(TASK BRIEF): Search the records for the word "factors". Copy every line where it appears.

Stored items:
=== Begin Enclosure ===

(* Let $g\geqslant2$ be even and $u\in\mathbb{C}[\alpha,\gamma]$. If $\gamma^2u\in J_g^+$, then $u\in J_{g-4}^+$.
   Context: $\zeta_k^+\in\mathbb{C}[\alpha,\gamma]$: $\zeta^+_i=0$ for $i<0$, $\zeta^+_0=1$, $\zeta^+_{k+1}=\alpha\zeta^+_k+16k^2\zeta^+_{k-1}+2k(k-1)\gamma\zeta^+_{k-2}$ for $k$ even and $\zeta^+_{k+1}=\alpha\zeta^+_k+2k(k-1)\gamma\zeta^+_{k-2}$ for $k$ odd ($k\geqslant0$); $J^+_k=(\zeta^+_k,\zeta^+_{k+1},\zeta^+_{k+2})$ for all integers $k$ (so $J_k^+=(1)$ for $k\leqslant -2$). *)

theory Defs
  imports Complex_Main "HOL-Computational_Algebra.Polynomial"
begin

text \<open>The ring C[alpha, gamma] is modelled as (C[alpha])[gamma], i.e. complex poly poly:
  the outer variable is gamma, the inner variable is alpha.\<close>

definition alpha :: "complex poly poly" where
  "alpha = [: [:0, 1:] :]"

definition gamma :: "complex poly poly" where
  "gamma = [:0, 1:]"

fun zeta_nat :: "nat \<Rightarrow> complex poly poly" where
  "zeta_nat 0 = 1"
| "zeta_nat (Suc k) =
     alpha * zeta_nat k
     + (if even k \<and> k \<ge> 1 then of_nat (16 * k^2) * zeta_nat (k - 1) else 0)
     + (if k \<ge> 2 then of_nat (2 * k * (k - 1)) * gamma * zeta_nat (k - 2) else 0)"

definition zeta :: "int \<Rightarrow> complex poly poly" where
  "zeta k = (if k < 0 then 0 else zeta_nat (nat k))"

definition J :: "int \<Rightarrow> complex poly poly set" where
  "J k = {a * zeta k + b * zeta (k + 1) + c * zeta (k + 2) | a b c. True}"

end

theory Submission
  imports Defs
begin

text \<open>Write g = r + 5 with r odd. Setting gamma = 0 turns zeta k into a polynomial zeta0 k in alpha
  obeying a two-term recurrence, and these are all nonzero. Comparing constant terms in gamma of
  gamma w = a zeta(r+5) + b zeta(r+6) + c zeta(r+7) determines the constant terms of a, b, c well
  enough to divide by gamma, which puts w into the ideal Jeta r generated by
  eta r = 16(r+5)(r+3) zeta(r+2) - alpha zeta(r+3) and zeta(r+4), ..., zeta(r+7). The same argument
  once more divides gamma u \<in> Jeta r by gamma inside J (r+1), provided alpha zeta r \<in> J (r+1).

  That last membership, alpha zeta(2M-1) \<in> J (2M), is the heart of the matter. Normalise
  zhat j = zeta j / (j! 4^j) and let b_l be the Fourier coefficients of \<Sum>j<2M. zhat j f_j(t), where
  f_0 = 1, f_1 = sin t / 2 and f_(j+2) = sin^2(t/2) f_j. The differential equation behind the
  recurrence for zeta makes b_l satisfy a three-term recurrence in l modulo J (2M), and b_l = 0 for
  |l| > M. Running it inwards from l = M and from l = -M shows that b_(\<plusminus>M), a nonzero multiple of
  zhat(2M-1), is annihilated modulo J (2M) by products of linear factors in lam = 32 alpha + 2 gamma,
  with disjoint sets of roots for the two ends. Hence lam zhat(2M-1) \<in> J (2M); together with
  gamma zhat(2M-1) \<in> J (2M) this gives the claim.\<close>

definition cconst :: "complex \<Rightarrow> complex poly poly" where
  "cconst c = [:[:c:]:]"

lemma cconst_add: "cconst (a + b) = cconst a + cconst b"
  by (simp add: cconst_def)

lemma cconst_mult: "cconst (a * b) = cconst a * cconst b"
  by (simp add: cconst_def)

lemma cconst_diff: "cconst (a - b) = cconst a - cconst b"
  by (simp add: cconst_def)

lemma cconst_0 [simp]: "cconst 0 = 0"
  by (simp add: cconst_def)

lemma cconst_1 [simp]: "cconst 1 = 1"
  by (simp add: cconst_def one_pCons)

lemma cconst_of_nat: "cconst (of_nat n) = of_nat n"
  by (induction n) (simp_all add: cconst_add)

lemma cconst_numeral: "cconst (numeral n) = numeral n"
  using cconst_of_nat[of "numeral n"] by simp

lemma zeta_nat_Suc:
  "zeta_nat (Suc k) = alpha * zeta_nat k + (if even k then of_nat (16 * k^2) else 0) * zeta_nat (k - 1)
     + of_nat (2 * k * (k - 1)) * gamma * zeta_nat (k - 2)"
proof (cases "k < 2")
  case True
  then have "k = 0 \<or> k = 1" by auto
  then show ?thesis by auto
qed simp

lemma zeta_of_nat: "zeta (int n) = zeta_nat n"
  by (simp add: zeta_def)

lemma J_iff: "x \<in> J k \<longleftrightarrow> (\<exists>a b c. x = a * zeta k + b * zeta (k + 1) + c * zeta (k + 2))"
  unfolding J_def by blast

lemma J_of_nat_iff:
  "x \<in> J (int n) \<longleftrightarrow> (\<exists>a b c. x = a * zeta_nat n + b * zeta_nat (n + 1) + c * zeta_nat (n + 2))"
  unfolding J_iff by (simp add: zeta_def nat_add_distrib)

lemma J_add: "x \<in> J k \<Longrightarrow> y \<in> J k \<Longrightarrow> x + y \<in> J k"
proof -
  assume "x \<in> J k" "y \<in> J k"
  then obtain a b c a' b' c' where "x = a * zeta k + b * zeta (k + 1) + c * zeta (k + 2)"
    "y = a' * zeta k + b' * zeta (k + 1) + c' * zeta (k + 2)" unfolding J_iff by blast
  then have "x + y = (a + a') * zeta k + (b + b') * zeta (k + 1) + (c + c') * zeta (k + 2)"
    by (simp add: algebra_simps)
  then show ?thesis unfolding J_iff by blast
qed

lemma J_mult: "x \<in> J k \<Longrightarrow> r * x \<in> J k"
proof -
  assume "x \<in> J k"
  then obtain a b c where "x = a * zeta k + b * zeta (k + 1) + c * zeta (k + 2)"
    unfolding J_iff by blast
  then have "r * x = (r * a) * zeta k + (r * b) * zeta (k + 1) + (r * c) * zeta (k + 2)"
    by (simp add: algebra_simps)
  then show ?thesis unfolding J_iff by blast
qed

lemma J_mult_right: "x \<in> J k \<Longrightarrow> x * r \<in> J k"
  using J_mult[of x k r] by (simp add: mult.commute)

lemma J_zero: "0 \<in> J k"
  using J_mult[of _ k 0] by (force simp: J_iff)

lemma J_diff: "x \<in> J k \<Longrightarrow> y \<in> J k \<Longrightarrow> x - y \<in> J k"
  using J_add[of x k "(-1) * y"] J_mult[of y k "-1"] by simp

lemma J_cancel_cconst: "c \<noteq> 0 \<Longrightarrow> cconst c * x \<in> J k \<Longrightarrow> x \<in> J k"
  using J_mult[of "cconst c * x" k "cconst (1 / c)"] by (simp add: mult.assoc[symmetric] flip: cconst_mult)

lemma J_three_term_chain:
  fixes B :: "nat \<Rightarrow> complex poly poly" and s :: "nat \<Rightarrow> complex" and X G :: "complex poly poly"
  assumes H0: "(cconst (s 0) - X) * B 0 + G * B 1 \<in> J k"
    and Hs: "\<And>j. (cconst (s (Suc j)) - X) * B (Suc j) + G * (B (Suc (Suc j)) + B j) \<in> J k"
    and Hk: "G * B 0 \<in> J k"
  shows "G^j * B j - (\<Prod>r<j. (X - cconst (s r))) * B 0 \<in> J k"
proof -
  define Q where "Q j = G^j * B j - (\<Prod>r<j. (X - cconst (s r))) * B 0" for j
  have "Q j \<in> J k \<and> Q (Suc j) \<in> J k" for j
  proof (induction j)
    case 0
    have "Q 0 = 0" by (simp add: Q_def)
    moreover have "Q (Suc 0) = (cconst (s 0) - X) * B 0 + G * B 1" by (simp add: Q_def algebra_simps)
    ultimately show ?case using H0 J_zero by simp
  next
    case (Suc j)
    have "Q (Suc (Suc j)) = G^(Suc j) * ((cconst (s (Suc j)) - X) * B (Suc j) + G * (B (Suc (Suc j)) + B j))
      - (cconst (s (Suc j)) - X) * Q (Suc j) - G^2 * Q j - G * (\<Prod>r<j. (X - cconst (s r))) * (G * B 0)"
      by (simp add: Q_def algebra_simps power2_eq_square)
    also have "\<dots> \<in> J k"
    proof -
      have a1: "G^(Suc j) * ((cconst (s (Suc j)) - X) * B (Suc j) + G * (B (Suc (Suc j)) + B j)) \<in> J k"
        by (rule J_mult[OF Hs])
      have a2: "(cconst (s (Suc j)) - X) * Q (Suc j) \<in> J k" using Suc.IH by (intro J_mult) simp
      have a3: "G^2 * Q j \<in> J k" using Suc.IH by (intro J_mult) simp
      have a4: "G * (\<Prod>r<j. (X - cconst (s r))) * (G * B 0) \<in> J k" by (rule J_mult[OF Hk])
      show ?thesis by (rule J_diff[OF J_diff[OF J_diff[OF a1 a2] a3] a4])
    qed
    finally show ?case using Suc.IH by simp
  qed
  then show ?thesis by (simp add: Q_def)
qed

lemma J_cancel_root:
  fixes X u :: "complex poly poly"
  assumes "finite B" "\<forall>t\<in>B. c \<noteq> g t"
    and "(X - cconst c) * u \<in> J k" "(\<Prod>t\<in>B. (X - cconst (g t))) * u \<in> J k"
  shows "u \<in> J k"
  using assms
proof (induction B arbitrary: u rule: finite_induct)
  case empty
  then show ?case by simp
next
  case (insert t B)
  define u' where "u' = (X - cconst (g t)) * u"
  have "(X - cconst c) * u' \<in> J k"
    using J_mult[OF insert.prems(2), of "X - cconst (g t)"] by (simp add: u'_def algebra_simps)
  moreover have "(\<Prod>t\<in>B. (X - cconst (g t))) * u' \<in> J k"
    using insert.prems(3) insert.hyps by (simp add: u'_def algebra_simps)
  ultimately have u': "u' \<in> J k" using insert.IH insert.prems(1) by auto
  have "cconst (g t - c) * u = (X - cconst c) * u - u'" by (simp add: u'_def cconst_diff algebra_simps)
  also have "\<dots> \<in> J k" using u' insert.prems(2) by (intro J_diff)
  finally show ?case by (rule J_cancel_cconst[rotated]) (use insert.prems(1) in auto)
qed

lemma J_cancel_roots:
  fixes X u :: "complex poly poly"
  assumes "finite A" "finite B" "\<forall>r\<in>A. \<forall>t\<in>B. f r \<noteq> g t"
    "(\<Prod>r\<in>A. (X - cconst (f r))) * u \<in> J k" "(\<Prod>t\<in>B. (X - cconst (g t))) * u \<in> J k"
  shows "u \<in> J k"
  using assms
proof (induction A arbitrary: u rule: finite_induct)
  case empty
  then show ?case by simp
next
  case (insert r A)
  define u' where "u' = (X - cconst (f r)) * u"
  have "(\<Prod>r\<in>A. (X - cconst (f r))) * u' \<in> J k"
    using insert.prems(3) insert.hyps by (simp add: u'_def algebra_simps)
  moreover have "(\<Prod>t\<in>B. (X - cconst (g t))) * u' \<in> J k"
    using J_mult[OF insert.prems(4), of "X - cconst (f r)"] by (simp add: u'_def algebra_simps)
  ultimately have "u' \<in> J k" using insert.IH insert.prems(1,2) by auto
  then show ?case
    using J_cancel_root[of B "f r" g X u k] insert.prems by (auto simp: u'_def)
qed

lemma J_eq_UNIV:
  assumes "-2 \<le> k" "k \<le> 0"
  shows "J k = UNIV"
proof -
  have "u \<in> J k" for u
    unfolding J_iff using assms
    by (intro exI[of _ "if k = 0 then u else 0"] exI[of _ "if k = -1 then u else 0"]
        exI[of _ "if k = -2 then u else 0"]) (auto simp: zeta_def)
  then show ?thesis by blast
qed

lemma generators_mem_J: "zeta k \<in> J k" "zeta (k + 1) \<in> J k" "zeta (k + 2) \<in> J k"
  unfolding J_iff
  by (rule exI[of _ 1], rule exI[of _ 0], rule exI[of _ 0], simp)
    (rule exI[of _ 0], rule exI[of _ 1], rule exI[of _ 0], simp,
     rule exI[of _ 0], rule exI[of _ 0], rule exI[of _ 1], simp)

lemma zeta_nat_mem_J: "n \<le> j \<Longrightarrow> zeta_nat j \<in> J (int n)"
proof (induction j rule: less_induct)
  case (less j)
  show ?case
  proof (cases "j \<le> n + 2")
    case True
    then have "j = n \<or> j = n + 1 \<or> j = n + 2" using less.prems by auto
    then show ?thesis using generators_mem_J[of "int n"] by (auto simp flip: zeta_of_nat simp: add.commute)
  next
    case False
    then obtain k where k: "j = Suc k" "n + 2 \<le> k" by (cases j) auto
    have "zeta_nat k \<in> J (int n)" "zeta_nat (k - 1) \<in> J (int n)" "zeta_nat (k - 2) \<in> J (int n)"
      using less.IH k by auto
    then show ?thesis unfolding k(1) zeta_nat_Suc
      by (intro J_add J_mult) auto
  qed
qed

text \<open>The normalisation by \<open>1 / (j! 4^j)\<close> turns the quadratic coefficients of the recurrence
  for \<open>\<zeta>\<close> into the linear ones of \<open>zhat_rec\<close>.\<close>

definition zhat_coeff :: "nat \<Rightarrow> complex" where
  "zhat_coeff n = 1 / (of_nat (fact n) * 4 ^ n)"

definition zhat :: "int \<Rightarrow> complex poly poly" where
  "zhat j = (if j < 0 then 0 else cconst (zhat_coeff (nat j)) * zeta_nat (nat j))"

=== End Enclosure ===
=== Begin Enclosure ===

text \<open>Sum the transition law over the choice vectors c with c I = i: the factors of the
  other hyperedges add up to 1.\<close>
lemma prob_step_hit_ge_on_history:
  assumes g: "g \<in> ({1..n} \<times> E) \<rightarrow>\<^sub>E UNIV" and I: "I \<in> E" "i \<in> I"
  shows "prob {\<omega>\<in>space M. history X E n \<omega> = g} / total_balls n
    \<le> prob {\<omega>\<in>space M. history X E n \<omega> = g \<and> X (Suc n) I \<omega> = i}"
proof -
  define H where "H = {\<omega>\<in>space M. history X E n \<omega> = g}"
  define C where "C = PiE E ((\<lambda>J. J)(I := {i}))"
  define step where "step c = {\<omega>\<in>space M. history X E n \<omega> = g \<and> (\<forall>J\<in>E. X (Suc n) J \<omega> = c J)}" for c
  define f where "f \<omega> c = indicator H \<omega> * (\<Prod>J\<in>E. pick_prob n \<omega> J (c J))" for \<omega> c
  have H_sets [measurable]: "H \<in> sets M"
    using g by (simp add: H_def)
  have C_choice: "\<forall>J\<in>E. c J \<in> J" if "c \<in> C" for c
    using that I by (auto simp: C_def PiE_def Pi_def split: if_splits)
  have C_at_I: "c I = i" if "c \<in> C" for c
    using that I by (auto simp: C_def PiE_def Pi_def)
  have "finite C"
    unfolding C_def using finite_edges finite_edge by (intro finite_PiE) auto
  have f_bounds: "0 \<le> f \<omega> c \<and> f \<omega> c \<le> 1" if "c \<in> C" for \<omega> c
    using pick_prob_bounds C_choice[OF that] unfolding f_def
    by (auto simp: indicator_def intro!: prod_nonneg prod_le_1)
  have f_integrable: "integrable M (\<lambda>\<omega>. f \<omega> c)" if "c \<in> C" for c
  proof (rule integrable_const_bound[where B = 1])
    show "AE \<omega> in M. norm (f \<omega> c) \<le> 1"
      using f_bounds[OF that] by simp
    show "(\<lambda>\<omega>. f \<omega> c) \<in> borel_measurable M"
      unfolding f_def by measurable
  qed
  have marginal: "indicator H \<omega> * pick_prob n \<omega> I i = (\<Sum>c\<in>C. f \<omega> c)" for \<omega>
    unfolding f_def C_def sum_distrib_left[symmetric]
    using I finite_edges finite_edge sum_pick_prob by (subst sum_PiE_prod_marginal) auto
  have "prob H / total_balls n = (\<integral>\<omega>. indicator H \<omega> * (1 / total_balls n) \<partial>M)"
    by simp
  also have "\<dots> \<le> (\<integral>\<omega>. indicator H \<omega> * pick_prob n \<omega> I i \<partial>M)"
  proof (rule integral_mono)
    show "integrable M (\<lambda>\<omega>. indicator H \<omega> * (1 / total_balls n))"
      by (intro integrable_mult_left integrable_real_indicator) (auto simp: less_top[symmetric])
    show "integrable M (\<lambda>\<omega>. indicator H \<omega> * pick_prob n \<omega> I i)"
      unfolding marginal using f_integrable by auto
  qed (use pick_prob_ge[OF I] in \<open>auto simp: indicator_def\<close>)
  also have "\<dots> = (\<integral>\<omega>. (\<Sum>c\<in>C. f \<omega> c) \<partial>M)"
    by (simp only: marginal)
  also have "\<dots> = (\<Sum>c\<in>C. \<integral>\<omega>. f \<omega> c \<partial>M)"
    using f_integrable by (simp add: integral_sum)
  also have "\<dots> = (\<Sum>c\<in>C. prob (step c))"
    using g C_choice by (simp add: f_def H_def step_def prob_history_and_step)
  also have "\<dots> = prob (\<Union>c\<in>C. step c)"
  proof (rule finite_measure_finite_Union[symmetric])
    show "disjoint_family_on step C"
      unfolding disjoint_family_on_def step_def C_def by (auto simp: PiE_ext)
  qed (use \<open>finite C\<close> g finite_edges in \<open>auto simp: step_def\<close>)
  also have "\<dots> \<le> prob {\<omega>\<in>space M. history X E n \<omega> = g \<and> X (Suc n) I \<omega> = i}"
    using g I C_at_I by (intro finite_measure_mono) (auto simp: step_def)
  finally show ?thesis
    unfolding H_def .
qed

=== End Enclosure ===

(EXERCISE SOLUTION):
  zhat(2M-1), is annihilated modulo J (2M) by products of linear factors in lam = 32 alpha + 2 gamma,
text \<open>Sum the transition law over the choice vectors c with c I = i: the factors of the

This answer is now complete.